The Pratt Institute's Mars Transit Habitat Concept. Credits: The Pratt Institute
Normally we spend over one third of our lives on Earth sleeping and eating. Will it be different living on a spacecraft in space? The Pratt Institute’s Mars Transit Habitat Concept is a step in the direction of eating and sleeping comfortably during our trips across the solar system and beyond.
Credits: The Pratt Institute

Making sure internal systems of all habitat systems and modules needed to ensure a successful trip to Mars are compatible and interchangeable will make the trip and life on the Red Planet easier. Design geniuses from Oklahoma State University in Stillwater are working on constructing the communications, controls and environmental systems needed to integrate NASA’s Stafford Deep Space Habitat (SDSH) and Martian Reconfiguration Habitat (ReHAB). This team has also been working on systems for NASA’s Multi-purpose Logistics Module (MPLM) and the Organics and Agricultural Sustainment Inflatable System (OASIS). All the internal systems of the individual components sent to Mars will need to be completely compatible. It will make implementation, maintenance, and repair of systems easier for astronauts heading into space and colonizing Mars. 
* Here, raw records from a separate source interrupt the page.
lemma reduction_functional_Wmod_in_reduced_ideal:
  assumes "w \<in> Wmod"
  shows "reduction_functional z w \<in> reduced_ideal z"
proof -
  obtain q where w: "w = embed (\<Sum>i\<in>{1..<n}. a i * (1 - p) * q i)"
    using assms unfolding Wmod_def row_ideal_def by blast
  \<comment> \<open>For i \<ge> 1 the coefficient c_i ends in p, so a_n c_i vanishes on (1 - p) A.\<close>
  have "a i * (1 - p) * q i * p = (a i + a n * reduction_coeff z i) * ((1 - p) * q i * p)"
    if "i \<in> {1..<n}" for i
    using that unfolding reduction_coeff_def by (simp add: algebra_simps idem)
  then have "reduction_functional z w =
      (\<Sum>i\<in>{1..<n}. (a i + a n * reduction_coeff z i) * ((1 - p) * q i * p))"
    unfolding w reduction_functional_embed sum_distrib_right by simp
  also have "\<dots> \<in> reduced_ideal z"
    by (intro right_ideal_sum[OF right_ideal_row_ideal] row_ideal_entry) auto
  finally show ?thesis .
qed

lemma corrected_generators_reduce:
  assumes gen: "generates m (m + n - 1) (\<lambda>j l. generator j l + embed (a n * z j) l) Wmod"
  shows "1 \<in> reduced_ideal z"
proof -
  have yp: "y * p \<in> reduced_ideal z" for y
  proof -
    have "in_span m (m + n - 1) (\<lambda>j l. generator j l + embed (a n * z j) l) Wmod (embed y)"
      using gen embed_corner_vec unfolding generates_def by blast
    then have "reduction_functional z (embed y) \<in> reduced_ideal z"
      unfolding reduction_functional_def
      by (rule linear_functional_in_right_ideal[OF right_ideal_row_ideal])
        (use reduction_functional_generator_in_reduced_ideal
          reduction_functional_Wmod_in_reduced_ideal in \<open>auto simp: reduction_functional_def\<close>)
    then show ?thesis by (simp add: reduction_functional_embed)
  qed
  have "e l * p * f l \<in> reduced_ideal z" for l
    using yp[of "e l"] right_ideal_row_ideal unfolding right_ideal_def by blast
  then have "(\<Sum>l<m. e l * p * f l) \<in> reduced_ideal z"
    by (intro right_ideal_sum[OF right_ideal_row_ideal])
  then show ?thesis using full by simp
qed

lemma unimodular_row_reducible:
  assumes sr: "sr_condition R p n"
  shows "\<exists>c. right_unimodular UNIV 1 (\<lambda>i. a i + a n * c i) n"
proof -
  have "module_stable_range m (m + n - 1)"
    using module_stable_range_if_sr_condition[OF sr] n_pos by simp
  moreover have "\<forall>j<m + n - 1. corner_vec m (generator j)"
    using generator_corner_vec by blast
  ultimately obtain \<mu> where \<mu>: "\<forall>j<m + n - 1. \<mu> j \<in> Umod"
    and gen: "generates m (m + n - 1) (\<lambda>j l. generator j l + \<mu> j l) Wmod"
    by (rule module_stable_rangeD[OF _ _ submodule_Wmod submodule_Umod generators_span])
  have "\<forall>j\<in>{..<m + n - 1}. \<exists>y. \<mu> j = embed (a n * y)"
    using \<mu> unfolding Umod_def by blast
  from bchoice[OF this] obtain z where z: "\<forall>j<m + n - 1. \<mu> j = embed (a n * z j)"
    by auto
  have "generates m (m + n - 1) (\<lambda>j l. generator j l + embed (a n * z j) l) Wmod"
    using gen by (rule generates_cong[THEN iffD1, rotated]) (simp add: z)
  then have "1 \<in> reduced_ideal z" by (rule corrected_generators_reduce)
  then show ?thesis unfolding right_unimodular_iff_row_ideal by blast
qed

end

lemma sr_condition_ambient_if_corner:
  fixes p :: "'a::ring_1"
  assumes p: "full_idempotent p" and n: "1 \<le> n" and sr: "sr_condition (corner p) p n"
  shows "sr_condition (UNIV :: 'a set) 1 n"
  unfolding sr_condition_def
proof (intro allI impI)
  fix a :: "nat \<Rightarrow> 'a"
  assume "right_unimodular UNIV 1 a (Suc n)"
  then obtain b where ab: "(\<Sum>i<Suc n. a i * b i) = 1"
    unfolding right_unimodular_def by blast
  have "1 \<in> two_sided_ideal_gen p" using p unfolding full_idempotent_def by simp
  then obtain m e f where "1 = (\<Sum>l<(m::nat). e l * p * f l)"
    unfolding two_sided_ideal_gen_def by blast
  then interpret full_corner_row p a b e f n m
    using p n ab unfolding full_idempotent_def by unfold_locales simp_all
  show "reducible UNIV 1 a n"
    using unimodular_row_reducible[OF sr] unfolding reducible_def by blast
qed

theorem theorem7:
  fixes p :: "'a::ring_1"
  assumes "full_idempotent p"
  shows "stable_rank (UNIV :: 'a set) 1 \<le> stable_rank (corner p) p"
proof (cases "\<exists>n. 1 \<le> n \<and> sr_condition (corner p) p n")
  case False
  then have "stable_rank (corner p) p = \<infinity>"
    unfolding stable_rank_def by (simp only: if_False)
  then show ?thesis by simp
next
  case True
  define n where "n = (LEAST n. 1 \<le> n \<and> sr_condition (corner p) p n)"
  have n: "1 \<le> n" "sr_condition (corner p) p n"
    using LeastI_ex[OF True] unfolding n_def by auto
  have "stable_rank (UNIV :: 'a set) 1 \<le> enat n"
    using stable_rank_le sr_condition_ambient_if_corner[OF assms n] n(1) by blast
  also have "enat n = stable_rank (corner p) p"
    unfolding stable_rank_def n_def using True by simp
  finally show ?thesis .
qed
Eating the right amount of food during a long space journey through the solar system or to Mars is a problem for astronauts. You can’t just take along all the foodstuffs you need to ensure you get the required amount of calories and vitamins. Ingenious engineers and designers from Ohio State University in Wooster are working on perfecting previous improvements they made to NASA’s Vegetable Production System (Veggie) on the International Space Station. Presently, they’re working on eliminating air bubbles in the water column between the water reservoir and plants while keeping root oxygen levels sufficient for growth, which improves water capillary transport. They’re also evaluating the feasibility of recycling plant biomass to use as soil, which will reduce the need to launch it into space. Fresh vegetables to consume during a long space trip to Mars is a thumbs up to the team. 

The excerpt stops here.